A layer of 4mls 0.8% agarose is put into 60mm dishes and then overlaid with a suspension of cells in 6mls 0.4% agarose. After 2 weeks the dishes are examined under the microscope for the presence of colonies. Low melting temperature agarose (FMC Sea Plaque) is used because once liquified it will stay liquid at 37C, solidify at room temperature and then remain solid at 37C again.

All manipulations must be done in the hood to maintain sterility.
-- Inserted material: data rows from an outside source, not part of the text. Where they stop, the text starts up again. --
(* Fix a toric poset $P=P(G,[\omega])$ and $i,j,k\in V$. Then $k\in[i,j]^{\mathrm{tor}}$ if and only if $k$ lies on a toric directed path $i\to_{\mathrm{tor}}j$ in $\bar\omega'$ for some $\bar\omega'\in[\bar\omega^{\mathrm{tor}}(P)]$.
   Context: Toric poset setup: $V=[n]$; $\mathrm{Acyc}(G)$ acyclic orientations; $[\omega]$ the class under the equivalence generated by converting a source into a sink (flips); toric chambers of the toric graphic arrangement $\mathcal{A}_{\mathrm{tor}}(G)$ (components of $\mathbb{R}^V/\mathbb{Z}^V$ minus the toric hyperplanes $H^{\mathrm{tor}}_{ij}=\{x_i\equiv x_j\bmod 1\}$, $\{i,j\}\in E$) correspond bijectively to classes $[\omega]$; $P(G,[\omega])$ is identified with its chamber $c(P)$. Toric transitive closure: $\bar G^{\mathrm{tor}}(P)$ is the graph on $V$ whose edges are those of $G$ together with all $\{i,j\}$ with $H^{\mathrm{tor}}_{ij}\cap c(P)=\emptyset$; $c(P)$ is also a chamber of $\mathcal{A}_{\mathrm{tor}}(\bar G^{\mathrm{tor}}(P))$, and $[\bar\omega^{\mathrm{tor}}(P)]$ is the corresponding class of acyclic orientations of $\bar G^{\mathrm{tor}}(P)$. A toric directed path $i_1\to_{\mathrm{tor}}i_m$ in an orientation is a directed path $i_1\to i_2\to\cdots\to i_m$ such that the edge $i_1\to i_m$ is also present (a single vertex and a single edge count as toric directed paths). Toric chain: $C=\{i_1,\dots,i_m\}$ is a toric chain of $P$ if there is a cyclic class $[(i_1,\dots,i_m)]$ such that for every $x\in c(P)$ (coordinates in $[0,1)$) some cyclic shift $(j_1,\dots,j_m)$ has $0\le x_{j_1}<\dots<x_{j_m}<1$; write $P|_C=[(i_1,\dots,i_m)]$. Toric interval: $[i,i]^{\mathrm{tor}}=\{i\}$; for $i\ne j$, $[i,j]^{\mathrm{tor}}=\emptyset$ if $\{i,j\}$ is not a toric chain and otherwise $[i,j]^{\mathrm{tor}}=\{i,j\}\cup\{k: P|_{\{i,j,k\}}=[(i,k,j)]\}$. *)

theory Defs
  imports Main "HOL.Real"
begin

definition simple_graph :: "nat set \<Rightarrow> nat set set \<Rightarrow> bool" where
  "simple_graph V E \<longleftrightarrow> finite V \<and> (\<forall>e\<in>E. \<exists>i j. e = {i, j} \<and> i \<noteq> j \<and> i \<in> V \<and> j \<in> V)"

definition is_orientation :: "nat set set \<Rightarrow> (nat \<times> nat) set \<Rightarrow> bool" where
  "is_orientation E \<omega> \<longleftrightarrow> \<omega> \<subseteq> {(i, j). {i, j} \<in> E \<and> i \<noteq> j} \<and>
     (\<forall>i j. {i, j} \<in> E \<and> i \<noteq> j \<longrightarrow> ((i, j) \<in> \<omega> \<longleftrightarrow> (j, i) \<notin> \<omega>))"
Preparing the bottom layer (0.8% agarose)
  1. Weigh out 0.8gm Sea Plaque LMP agarose into a sterile bottle or flask, add 85ml -MEM and dissolve by heating in the microwave on the LOW setting. Place in the 37C water bath to cool.
  2. Add 10mls prewarmed Calf Serum, 2ml Fungizone and 1ml Pen-Strep, swirl gently to mix and avoid making bubbles.
  3. Pipette 4mls each into 60mm dishes, just as many as you need for the assay.
  4. Let the agarose harden at room temperature - leave them in the hood.
Preparing the top layer (0.4% agarose)
  1. Weigh out 0.4gm agarose and dissolve in 70ml -MEM as above, place in the 37C water bath to cool.
  2. Add 8ml prewarmed Calf Serum, 2ml Fungizone and 1ml Pen-Strep.
  3. Trypsinize and count the cells to be tested, it's a good idea to do each sample in duplicate. Dilute the cells to 104 cells/ml in complete medium.
  4. For each dish, pipette 1ml cell suspension into a sterile tube eg Falcon 12ml round bottom tubes (#2057). If you have a lot, cap the tubes and place at 37C.
  5. Add 5mls agarose to each tube, mix gently by pipetting up and down and transfer to the dish with the bottom layer in. Do each sample separately to avoid having the agarose solidify before you get it into the dish.
  6. After the agarose has solidified place the dishes in the incubator.
  7. After one week feed the cells by adding 1ml complete medium (liquid) to each dish.

Remember to include positive and negative controls

An estimate of transformation efficiency can be calculated by counting the colonies and the single cells in several microscope fields.

transformation efficiency = # colonies x 100%

# colonies + # single cells

You may also want to take photographs of the cells for publication.